Bisesa Dutt turned and glared at him. To his credit, Josh thought, Ruddy blushed under his Lahore sore. Josh knew that babu was a contemptuous Anglo-Indian term for those educated Indians who aspired to senior positions in the dominion’s administration.
Bisesa said, “We need to get Casey out of there. Do you have doctors?” She was putting on a show of strength, Josh thought, admirable given she had just come through an extraordinary crash and was being held at gunpoint. But he sensed a deeper fear.
Batson turned to one of the privates. “McKnight, run and fetch Captain Grove.”
“Right-oh.” The private, short and stocky, turned and ran barefoot over the broken ground.
Ruddy nudged Josh. “Come, Joshua, we need to be involved!” He hurried forward. “Ma’am, please—let us help.”
Bisesa studied Ruddy, his broad forehead crusted with dust, his beetling eyebrows, his defiant mustache. She was taller than he and she looked down on him with contempt, Josh thought—though with an odd puzzlement, a kind of recognition. She said, “You? You’ll come to the aid of a mere babu ?”
Josh stepped forward, his most charming grin fixed in place. “You mustn’t mind Ruddy, ma’am. These expatriates have their eccentricities, and the soldiers are too busy holding out their guns at you. Come, let’s get on with it.” And he strode toward the “chopper,” rolling up his sleeves.
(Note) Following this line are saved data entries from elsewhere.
(* Let $A$ be a real $m\times m$ matrix, $f$ in the range of $A$, and $y$ the minimal-norm solution of $Ay=f$ (so $y\perp\mathcal{N}(A)$). Fix $q\in(0,1)$, $\alpha_0>0$, $C>1$, $\varepsilon\in(0,1)$. For each $\delta\in(0,1)$ let $f_\delta\in\mathbb{R}^m$ satisfy $\|f_\delta-f\|\le\delta$ and $(1-q)\alpha_0q\|Q_{\alpha_0q}^{-1}f_\delta\|>C\delta^\varepsilon$. Define $u_0^\delta=0$, $u_{n+1}^\delta=qu_n^\delta+(1-q)T_{\alpha_0q^{n+1}}^{-1}A^*f_\delta$, and let $n_\delta$ be the smallest integer $n\ge1$ with $G_n\le C\delta^\varepsilon$. Then $$\lim_{\delta\to0}\|u_{n_\delta}^\delta-y\|=0.$$
   Context: $A^*$ is the transpose of $A$, $T:=A^*A$, $T_a:=T+aI$, $Q:=AA^*$, $Q_a:=Q+aI$ for $a>0$; $\mathcal{N}(A)=\{u:Au=0\}$; $\|\cdot\|$ is the Euclidean norm. $G_0=0$ and $G_n=qG_{n-1}+(1-q)\alpha_0q^n\|Q_{\alpha_0q^n}^{-1}f_\delta\|$ for $n\ge1$. *)

theory Defs
  imports "HOL-Analysis.Analysis"
begin

definition Tmat :: "real^'m^'m \<Rightarrow> real^'m^'m" where
  "Tmat A = transpose A ** A"

definition Qmat :: "real^'m^'m \<Rightarrow> real^'m^'m" where
  "Qmat A = A ** transpose A"

definition Tinv :: "real^'m^'m \<Rightarrow> real \<Rightarrow> real^'m^'m" where
  "Tinv A a = matrix_inv (Tmat A + a *\<^sub>R mat 1)"

definition Qinv :: "real^'m^'m \<Rightarrow> real \<Rightarrow> real^'m^'m" where
  "Qinv A a = matrix_inv (Qmat A + a *\<^sub>R mat 1)"

definition min_norm_solution :: "real^'m^'m \<Rightarrow> real^'m \<Rightarrow> real^'m \<Rightarrow> bool" where
  "min_norm_solution A f y \<longleftrightarrow> A *v y = f \<and> (\<forall>x. A *v x = f \<longrightarrow> norm y \<le> norm x)"

primrec Gseq :: "real^'m^'m \<Rightarrow> real \<Rightarrow> real \<Rightarrow> real^'m \<Rightarrow> nat \<Rightarrow> real" where
  "Gseq A a0 q fd 0 = 0"
| "Gseq A a0 q fd (Suc n) = q * Gseq A a0 q fd n
     + (1 - q) * a0 * q ^ Suc n * norm (Qinv A (a0 * q ^ Suc n) *v fd)"

primrec useq :: "real^'m^'m \<Rightarrow> real \<Rightarrow> real \<Rightarrow> real^'m \<Rightarrow> nat \<Rightarrow> real^'m" where
  "useq A a0 q fd 0 = 0"
| "useq A a0 q fd (Suc n) = q *\<^sub>R useq A a0 q fd n
     + (1 - q) *\<^sub>R (Tinv A (a0 * q ^ Suc n) *v (transpose A *v fd))"

definition stop_index :: "real^'m^'m \<Rightarrow> real \<Rightarrow> real \<Rightarrow> real^'m \<Rightarrow> real \<Rightarrow> real \<Rightarrow> real \<Rightarrow> nat" where
  "stop_index A a0 q fd C \<epsilon> \<delta> = (LEAST n. 1 \<le> n \<and> Gseq A a0 q fd n \<le> C * \<delta> powr \<epsilon>)"

end

theory Submission
  imports Defs
begin

(*
  (1) For any matrix B and a > 0 the regularized normal equation (B^T B + aI) w = v is uniquely
  solvable, with a |w| <= |v| and |B w| <= |v| / (2 sqrt a).
  (2) Applied to B = A and B = A^T, together with T_a^{-1} A^T = A^T Q_a^{-1}, this bounds
  T_a^{-1} A^T, Q_a^{-1}, Q_a^{-1} A and the residual T_a^{-1} A^T A y - y for y = A^T z; the
  minimal-norm solution has this form.
  (3) The iterates, their noise propagation and G_n all satisfy recursions
  x_{n+1} <= q x_n + (1-q) c rho^{n+1}, and one comparison lemma gives
    |u_n(A y) - y| <= D sqrt(q)^n,    |u_n(g) - u_n(f)| <= |g - f| / sqrt a0 * sqrt(q)^(-n),
    G_n(g) <= |g - A y| + sqrt a0 |y| sqrt(q)^n.
  (4) The last bound shows that the stopping index n_delta exists and that
  C delta^eps - delta < sqrt a0 |y| sqrt(q)^(n_delta - 1), so the propagated noise is
  O(delta^(1-eps)); continuity of each G_k in the data and G_k(f) > 0 force n_delta -> infinity,
  so the bias D sqrt(q)^(n_delta) vanishes as well.
*)

text \<open>Keep A^T v as a matrix-vector product instead of rewriting it to a row-vector product.\<close>
declare transpose_matrix_vector [simp del]

lemma scaleR_mat_one_mult: "(a *\<^sub>R mat 1) *v (x::real^'n) = a *\<^sub>R x"
  by (metis matrix_vector_mul_lid scaleR_matrix_vector_assoc)

lemma inner_transpose_mult: "inner x (transpose (B::real^'n^'m) *v z) = inner (B *v x) z"
  by (metis dot_lmul_matrix inner_commute transpose_matrix_vector)

lemma regularized_quadratic_form:
  fixes B :: "real^'n^'m"
  shows "inner x ((transpose B ** B + a *\<^sub>R mat 1) *v x) = (norm (B *v x))\<^sup>2 + a * (norm x)\<^sup>2"
  by (simp flip: matrix_vector_mul_assoc
      add: matrix_vector_mult_add_rdistrib scaleR_mat_one_mult inner_add_right
           inner_transpose_mult power2_norm_eq_inner)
Abdikadir beckoned to Ruddy and Josh. “Help me lift him out.” With Abdikadir supporting from the far side, Ruddy got hold of Casey’s back, while Josh, cautiously, got his arms under his legs. Another man produced a blanket from somewhere and laid it on the ground. Abdikadir gave them a lead: “One, two, three, up. “Casey screamed when they raised him off his seat, and again when Josh allowed his damaged leg to brush the frame of the “chopper.” But in seconds they had Casey out and set on his side on the blanket.
Breathing hard, Josh studied Abdikadir. He was a big man, made bulkier by his uniform, his blue eyes striking. “You’re Indian?”
“Afghan,” Abdikadir said evenly. He watched Josh’s startled reaction. “Actually I’m a Pashtun. I take it you don’t have too many of us in your army.”
“Not exactly,” Josh said. “But then it isn’t my army.” Abdikadir said nothing more, but Josh had the sense that he knew, or had guessed, more about this strange situation than anybody else.
Private McKnight came running back, breathless. He said to Bisesa and Abdikadir, “Captain Grove wants to see the two of you in his office.”
Batson nodded. “Move.”
“No,” Casey grunted from his blanket. “Don’t leave the ship. You know the drill, Abdi. Wipe the damn memory. We don’t know who these people are—”
“These people ,” Batson said menacingly, “have big guns that are pointing at you. Choop and chel. ”
Bisesa and Abdikadir seemed confused by Batson’s mixture of strong Geordie with bits of Frontier argot, but his meaning was clear enough: shut up and move. “I don’t think we have a choice right now, Casey,” Bisesa said.
“And you, chum,” Batson said to Casey, “are heading for the infirmary.” Josh saw Casey was trying to conceal his alarm at this prospect.